━━ The records

lemma det_id_plus_outers_growth:
  assumes "N \<le> M"
  shows "det (id_plus_outers n u N) \<le> det (id_plus_outers n u M)"
    and "det (id_plus_outers n u M)
         \<le> det (id_plus_outers n u N) * exp (\<Sum>k=N..<M. \<Sum>i=0..<n. (u k i)\<^sup>2)"
  using assms
proof (induction M rule: dec_induct)
  case (step M)
  let ?d = "\<lambda>M. det (id_plus_outers n u M)"
  obtain q where q: "0 \<le> q" "q \<le> (\<Sum>i=0..<n. (u M i)\<^sup>2)"
    "det (id_plus_outers n u M + outer_mat n (u M)) = ?d M * (1 + q)"
    by (rule det_add_outer_mat[OF loewner_ge_one_id_plus_outers])
  have pos: "?d M > 0" by (rule det_id_plus_outers_pos)
  have "?d M \<le> ?d (Suc M)" using q pos by simp
  then show "?d N \<le> ?d (Suc M)" using step.IH(1) by linarith
  have "1 + q \<le> exp (\<Sum>i=0..<n. (u M i)\<^sup>2)"
    using exp_ge_add_one_self[of q] q(2) by (meson exp_le_cancel_iff order_trans)
  then have "?d (Suc M) \<le> ?d M * exp (\<Sum>i=0..<n. (u M i)\<^sup>2)"
    using q(3) pos by simp
  also have "\<dots> \<le> ?d N * exp (\<Sum>k=N..<M. \<Sum>i=0..<n. (u k i)\<^sup>2) * exp (\<Sum>i=0..<n. (u M i)\<^sup>2)"
    using step.IH(2) by (intro mult_right_mono) auto
  also have "\<dots> = ?d N * exp (\<Sum>k=N..<Suc M. \<Sum>i=0..<n. (u k i)\<^sup>2)"
    using step.hyps by (simp add: exp_add mult.assoc)
  finally show "?d (Suc M) \<le> ?d N * exp (\<Sum>k=N..<Suc M. \<Sum>i=0..<n. (u k i)\<^sup>2)" .
qed simp_all

lemma det_id_plus_outers_eq_gram:
  "det (id_plus_outers n u N) = det (1\<^sub>m N + mat N N (\<lambda>(k, l). \<Sum>i<n. u k i * u l i))"
proof -
  define U where "U = mat n N (\<lambda>(i, k). u k i)"
  define W where "W = mat N n (\<lambda>(k, i). u k i)"
  have U: "U \<in> carrier_mat n N" and W: "W \<in> carrier_mat N n" by (auto simp: U_def W_def)
  have "id_plus_outers n u N = 1\<^sub>m n + U * W"
    using U W id_plus_outers_carrier[of n u N]
    by (intro eq_matI) (auto simp: index_id_plus_outers U_def W_def scalar_prod_def atLeast0LessThan)
  moreover have "W * U = mat N N (\<lambda>(k, l). \<Sum>i<n. u k i * u l i)"
    by (intro eq_matI) (auto simp: U_def W_def scalar_prod_def atLeast0LessThan)
  ultimately show ?thesis using det_one_plus_mult_commute[OF U W] by simp
qed
lemma same_residue_split:
  fixes n L :: nat
  assumes "L mod 7 = n mod 7" "L \<le> 11" "5 \<le> n"
  shows "\<exists>m. n = 7 * m + L"
proof -
  have "L \<le> n"
  proof (rule ccontr)
    assume "\<not> L \<le> n"
    then have "7 dvd (L - n)" "0 < L - n"
      using assms(1) mod_eq_dvd_iff_nat[of n L 7] by simp_all
    then have "7 \<le> L - n"
      by (rule dvd_imp_le)
    then show False
      using assms by linarith
  qed
  then have "7 dvd (n - L)"
    using assms(1) mod_eq_dvd_iff_nat[of L n 7] by simp
  then show ?thesis
    using \<open>L \<le> n\<close> by (metis add.commute dvd_def le_add_diff_inverse)
qed

lemma good_word_exists:
  assumes "n \<ge> 5"
  shows "\<exists>w. length w = n \<and> windows_ok 5 roman_window w \<and> 7 * word_weight w < 8 * n + 7"
proof -
  define T where "T = tail (n mod 7)"
  have T: "length T mod 7 = n mod 7" "length T \<le> 11" "windows_ok 5 roman_window (block @ T)"
    "5 \<le> length T \<Longrightarrow> windows_ok 5 roman_window T" "7 * word_weight T < 8 * length T + 7"
    using tail_table[of "n mod 7"] unfolding T_def[symmetric] by simp_all
  obtain m where m: "n = 7 * m + length T"
    using same_residue_split[OF T(1,2) assms] by blast
  show ?thesis
  proof (rule extend_tail[OF T(3) _ T(5) m])
    assume "m = 0"
    then show "windows_ok 5 roman_window T"
      using T(4) m assms by simp
  qed
qed

theorem lemma2p1:
  fixes n :: nat
  assumes "n \<ge> 5"
  shows "int (roman_domination_number (gp_verts n) (gp_adj n 2)) \<le> \<lceil>8 * real n / 7\<rceil>"
proof -
  obtain w where w: "length w = n" "windows_ok 5 roman_window w" "7 * word_weight w < 8 * n + 7"
    using good_word_exists[OF assms] by blast
  have "is_RDF (gp_verts n) (gp_adj n 2) (word_labelling w)"
    using windows_ok_is_RDF[OF w(2)] w(1) assms by simp
  then have "roman_domination_number (gp_verts n) (gp_adj n 2) \<le> word_weight w"
    using roman_domination_number_le RDF_weight_word_labelling w(1) by metis
  then show ?thesis
    using ceiling_bound[OF w(3)] by linarith
qed

end
subsection \<open>Minimum distance and optimality\<close>

lemma weight_C_ge:
  assumes "c \<in> C" "c \<noteq> 0"
  shows "2 * u + 2 * h + 1 \<le> weight n c"
  unfolding weight_def
proof (rule bch_bound[OF primitive_\<omega>, where s = "int t + 1 - int u - int h"])
  show "\<exists>i<n. coeff c i \<noteq> 0"
    by (rule exists_coeff_below_nonzero[OF C_memD(1)[OF assms(1)] assms(2)])
  fix l assume "l < 2 * u + 2 * h"
  then have "W (int t + 1 - int u - int h + int l) \<in> set_mult A B"
    unfolding AB_eq AB_exponents_def by auto
  then show "(\<Sum>i<n. coeff c i * W (int t + 1 - int u - int h + int l) ^ i) = 0"
    using C_memD[OF assms(1)] by (simp add: poly_eq_sum_below[symmetric])
qed

lemma overlap_with_dual_support:
  assumes "v \<in> D" "c \<in> C" "card {i. i < n \<and> coeff v i \<noteq> 0 \<and> coeff c i \<noteq> 0} \<le> 2 * h + 1"
  shows "coeff v i = 0 \<or> coeff c i = 0"
proof (rule ccontr)
  assume "\<not> (coeff v i = 0 \<or> coeff c i = 0)"
  moreover have "i < n"
    using calculation dual_coeffs_above[OF assms(1)] not_le by blast
  ultimately have "\<exists>i<n. coeff v i * coeff c ((i + 0) mod n) \<noteq> 0"
    by auto
  then have "2 * h + 2 \<le> card {i. i < n \<and> coeff v i * coeff c ((i + 0) mod n) \<noteq> 0}"
    by (rule local_weight_ge[OF assms(1,2)])
  also have "{i. i < n \<and> coeff v i * coeff c ((i + 0) mod n) \<noteq> 0}
      = {i. i < n \<and> coeff v i \<noteq> 0 \<and> coeff c i \<noteq> 0}"
    by auto
  finally show False
    using assms(3) by simp
qed

text \<open>Dimension counting: a codeword vanishing on \<open>dim C - 1\<close> coordinates, all but \<open>2h + 1\<close> of
  them off the support of a minimal dual codeword, must vanish on that whole support.\<close>

lemma exists_codeword_vanishing_on_dual_support:
  assumes "\<delta> - 2 < int n - int m - int dA" "v \<in> D" "weight n v = dA"
  defines "S \<equiv> {i. i < n \<and> coeff v i \<noteq> 0}"
  obtains c R where "c \<in> C" "c \<noteq> 0" "R \<subseteq> {..<n} - S" "card R = n - (2 * u + 2 * h + 1) - dA"
    "\<forall>j\<in>S \<union> R. coeff c j = 0"
proof -
  define k where "k = n - (2 * u + 4 * h + 1)"
  have S: "S \<subseteq> {..<n}" "finite S" "card S = dA"
    using assms(3) by (auto simp: S_def weight_def)
  have dA_le: "dA \<le> k + 2 * h" and dA_ge': "2 * h + 1 \<le> dA" and "2 \<le> k"
    and k: "k + 2 * h = n - (2 * u + 2 * h + 1)"
    using assms(1) dA_ge n_eq m_eq \<delta>_eq t_ge unfolding k_def by linarith+
  obtain S' where S': "S' \<subseteq> S" "card S' = dA - (2 * h + 1)" "finite S'"
    using obtain_subset_with_card_n[of "dA - (2 * h + 1)" S] S by auto
  have "card ({..<n} - S) = n - dA"
    using S by (simp add: card_Diff_subset)
  moreover have "k + 2 * h - dA \<le> n - dA"
    unfolding k by (intro diff_le_mono) simp
  ultimately obtain R where R: "R \<subseteq> {..<n} - S" "card R = k + 2 * h - dA" "finite R"
    using obtain_subset_with_card_n[of "k + 2 * h - dA" "{..<n} - S"] by auto
  have "S' \<inter> R = {}"
    using S'(1) R(1) by auto
  then have "card (S' \<union> R) < k"
    using card_Un_disjoint[OF S'(3) R(3)] S'(2) R(2) dA_le dA_ge' \<open>2 \<le> k\<close> by simp
  then have "\<exists>c\<in>C. c \<noteq> 0 \<and> (\<forall>j\<in>S' \<union> R. coeff c j = 0)"
    unfolding C_def using S'(3) R(3) by (intro exists_codeword_vanishing_on) (simp_all add: card_AB k_def)
  then obtain c where c: "c \<in> C" "c \<noteq> 0" "\<forall>j\<in>S' \<union> R. coeff c j = 0"
    by blast
  have "{i. i < n \<and> coeff v i \<noteq> 0 \<and> coeff c i \<noteq> 0} \<subseteq> S - S'"
    using c(3) unfolding S_def by auto
  then have "card {i. i < n \<and> coeff v i \<noteq> 0 \<and> coeff c i \<noteq> 0} \<le> card (S - S')"
    using S(2) by (intro card_mono) auto
  also have "card (S - S') = 2 * h + 1"
    using card_Diff_subset[OF S'(3,1)] S(3) S'(2) dA_ge' by simp
  finally have "\<forall>j\<in>S. coeff c j = 0"
    using overlap_with_dual_support[OF assms(2) c(1)] unfolding S_def by auto
  then show ?thesis
    using that[OF c(1,2) R(1)] R(2) c(3) k by auto
qed

lemma exists_low_weight_codeword:
  assumes "\<delta> - 2 < int n - int m - int dA"
  shows "\<exists>c\<in>C. c \<noteq> 0 \<and> weight n c \<le> 2 * u + 2 * h + 1"
proof -
  obtain v where v: "v \<in> D" "weight n v = dA"
    by (rule dual_minimal_word)
  define S where "S = {i. i < n \<and> coeff v i \<noteq> 0}"
  obtain c R where c: "c \<in> C" "c \<noteq> 0" "\<forall>j\<in>S \<union> R. coeff c j = 0"
    and R: "R \<subseteq> {..<n} - S" "card R = n - (2 * u + 2 * h + 1) - dA"
    using exists_codeword_vanishing_on_dual_support[OF assms v, folded S_def] .
  have S: "S \<subseteq> {..<n}" "card S = dA"
    using v(2) by (auto simp: S_def weight_def)
  have fin: "finite S" "finite R"
    using S(1) R(1) by (auto intro: finite_subset)
  have "weight n c \<le> card ({..<n} - (S \<union> R))"
    unfolding weight_def using c(3) by (intro card_mono) auto
  also have "\<dots> = n - card (S \<union> R)"
    using S(1) R(1) fin by (subst card_Diff_subset) auto
  also have "card (S \<union> R) = dA + (n - (2 * u + 2 * h + 1) - dA)"
    using card_Un_disjoint[OF fin] R S by auto
  finally show ?thesis
    using c(1,2) by (intro bexI[of _ c]) auto
qed

lemma min_dist_C:
  assumes "\<delta> - 2 < int n - int m - int dA"
  shows "min_dist n C = 2 * u + 2 * h + 1"
proof -
  obtain c where c: "c \<in> C" "c \<noteq> 0" "weight n c \<le> 2 * u + 2 * h + 1"
    using exists_low_weight_codeword[OF assms] by blast
  obtain c' where c': "c' \<in> C" "c' \<noteq> 0" "weight n c' = min_dist n C"
    using min_dist_attained[OF c(1,2)] by blast
  show ?thesis
    using weight_C_ge[OF c'(1,2)] c'(3) min_dist_le_weight[OF c(1,2), of n] c(3) by linarith
qed

lemma int_min_dist_C:
  assumes "\<delta> - 2 < int n - int m - int dA"
  shows "int (min_dist n C) = int m + \<delta> - 1"
  using min_dist_C[OF assms] m_eq \<delta>_eq by simp

text \<open>Here \<open>k = n - m - 2\<delta> + 3\<close> and \<open>r = dA - \<delta> + 1\<close> satisfy \<open>r < k \<le> 2r\<close>, so \<open>\<lceil>k/r\<rceil> = 2\<close>
  and the Singleton-like bound reads \<open>d \<le> n - k - \<delta> + 2 = m + \<delta> - 1\<close>.\<close>

lemma optimal_LRC_C:
  assumes "\<delta> - 2 < int n - int m - int dA"
  shows "optimal_LRC q n C (int dA - \<delta> + 1) \<delta>"
proof -
  define r where "r = int dA - \<delta> + 1"
  define k where "k = int (code_dim q C)"
  have k: "k = 2 * int t - 2 * int u - 4 * int h"
    unfolding k_def int_code_dim_C using n_eq m_eq \<delta>_eq by simp
  have dA_upper: "int dA \<le> k + 2 * int h"
    using assms k n_eq m_eq \<delta>_eq by linarith
  have dA_lower: "int t + 1 \<le> int dA + int u"
    using dA_ge t_ge by linarith
  have "0 < r" "r < k"
    unfolding r_def using dA_upper dA_lower t_ge k \<delta>_eq by linarith+
  moreover have "k \<le> 2 * r"
    unfolding r_def using dA_lower k \<delta>_eq by simp
  ultimately have "1 < real_of_int k / real_of_int r" "real_of_int k / real_of_int r \<le> 2"
    by (simp_all add: field_simps)
  then have "\<lceil>real_of_int k / real_of_int r\<rceil> = 2"
    by (intro ceiling_unique) simp_all
  then show ?thesis
    unfolding optimal_LRC_def Let_def r_def[symmetric] k_def[symmetric]
    using is_LRC_C min_dist_C[OF assms] k n_eq \<delta>_eq by (simp add: r_def)
qed
theorem corollary2p6:
  fixes e :: "nat \<Rightarrow> 'a::banach"
  assumes "schauder_basis e" and "seminormalized e" and "quasisubsymmetric e"
  shows "\<exists>T :: (nat \<Rightarrow>\<^sub>C real) \<Rightarrow> (('a \<Rightarrow>\<^sub>L real) \<Rightarrow>\<^sub>L ('a \<Rightarrow>\<^sub>L real)).
           embeds_isomorphically T"
proof -
  interpret schauder e by (rule schauder.intro) fact
  obtain G M where "0 \<le> G" and bound: "\<And>t c b N. (\<And>i. \<bar>t i\<bar> \<le> c) \<Longrightarrow>
      norm (\<Sum>i<N. b i *\<^sub>R (t i *\<^sub>R (e (2 * (i + M) + 1) - e (2 * (i + M)))))
        \<le> G * c * norm (\<Sum>i<N. b i *\<^sub>R e i)"
    by (rule quasisubsymmetric_multiplier_bound[OF assms(3)]) auto
  define D where "D = multiplier_operator (\<lambda>i. e (2 * (i + M) + 1) - e (2 * (i + M)))"
  have D: "bounded_linear D"
    unfolding D_def using bound \<open>0 \<le> G\<close> by (rule bounded_linear_multiplier_operator)
  obtain K where K: "\<And>n. norm (coeff_functional n) \<le> K"
    using norm_coeff_functional_bounded[OF assms(2)] by blast
  obtain B where B: "\<And>n. norm (e n) \<le> B"
    using assms(2) unfolding seminormalized_def by blast
  have bounded: "norm (coeff_functional (2 * (j + M))) * norm (e j) \<le> K * B" for j
    using K B by (meson mult_mono norm_ge_zero order_trans)
  have recover: "\<bar>t j\<bar> \<le> \<bar>coeff_functional (2 * (j + M)) (D t (e j))\<bar>"
    for t :: "nat \<Rightarrow>\<^sub>C real" and j
  proof -
    have "D t (e j) = t j *\<^sub>R (e (2 * (j + M) + 1) - e (2 * (j + M)))"
      unfolding D_def using bound \<open>0 \<le> G\<close> by (rule multiplier_operator_basis)
    then show ?thesis by (simp add: coeff_scaleR coeff_diff coeff_basis)
  qed
  show ?thesis
    using embeds_isomorphically_blinfun_adjoint[OF D bounded recover] by blast
qed

end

━━━━

#### [Exercise instructions]
What is needed is an exact copy of the lines above, from the one containing "proof (rule bch_bound[OF" through the one containing "obtains c R", with nothing added.

#### [Task response]
proof (rule bch_bound[OF primitive_\<omega>, where s = "int t + 1 - int u - int h"])
  show "\<exists>i<n. coeff c i \<noteq> 0"
    by (rule exists_coeff_below_nonzero[OF C_memD(1)[OF assms(1)] assms(2)])
  fix l assume "l < 2 * u + 2 * h"
  then have "W (int t + 1 - int u - int h + int l) \<in> set_mult A B"
    unfolding AB_eq AB_exponents_def by auto
  then show "(\<Sum>i<n. coeff c i * W (int t + 1 - int u - int h + int l) ^ i) = 0"
    using C_memD[OF assms(1)] by (simp add: poly_eq_sum_below[symmetric])
qed

lemma overlap_with_dual_support:
  assumes "v \<in> D" "c \<in> C" "card {i. i < n \<and> coeff v i \<noteq> 0 \<and> coeff c i \<noteq> 0} \<le> 2 * h + 1"
  shows "coeff v i = 0 \<or> coeff c i = 0"
proof (rule ccontr)
  assume "\<not> (coeff v i = 0 \<or> coeff c i = 0)"
  moreover have "i < n"
    using calculation dual_coeffs_above[OF assms(1)] not_le by blast
  ultimately have "\<exists>i<n. coeff v i * coeff c ((i + 0) mod n) \<noteq> 0"
    by auto
  then have "2 * h + 2 \<le> card {i. i < n \<and> coeff v i * coeff c ((i + 0) mod n) \<noteq> 0}"
    by (rule local_weight_ge[OF assms(1,2)])
  also have "{i. i < n \<and> coeff v i * coeff c ((i + 0) mod n) \<noteq> 0}
      = {i. i < n \<and> coeff v i \<noteq> 0 \<and> coeff c i \<noteq> 0}"
    by auto
  finally show False
    using assms(3) by simp
qed

text \<open>Dimension counting: a codeword vanishing on \<open>dim C - 1\<close> coordinates, all but \<open>2h + 1\<close> of
  them off the support of a minimal dual codeword, must vanish on that whole support.\<close>

lemma exists_codeword_vanishing_on_dual_support:
  assumes "\<delta> - 2 < int n - int m - int dA" "v \<in> D" "weight n v = dA"
  defines "S \<equiv> {i. i < n \<and> coeff v i \<noteq> 0}"
  obtains c R where "c \<in> C" "c \<noteq> 0" "R \<subseteq> {..<n} - S" "card R = n - (2 * u + 2 * h + 1) - dA"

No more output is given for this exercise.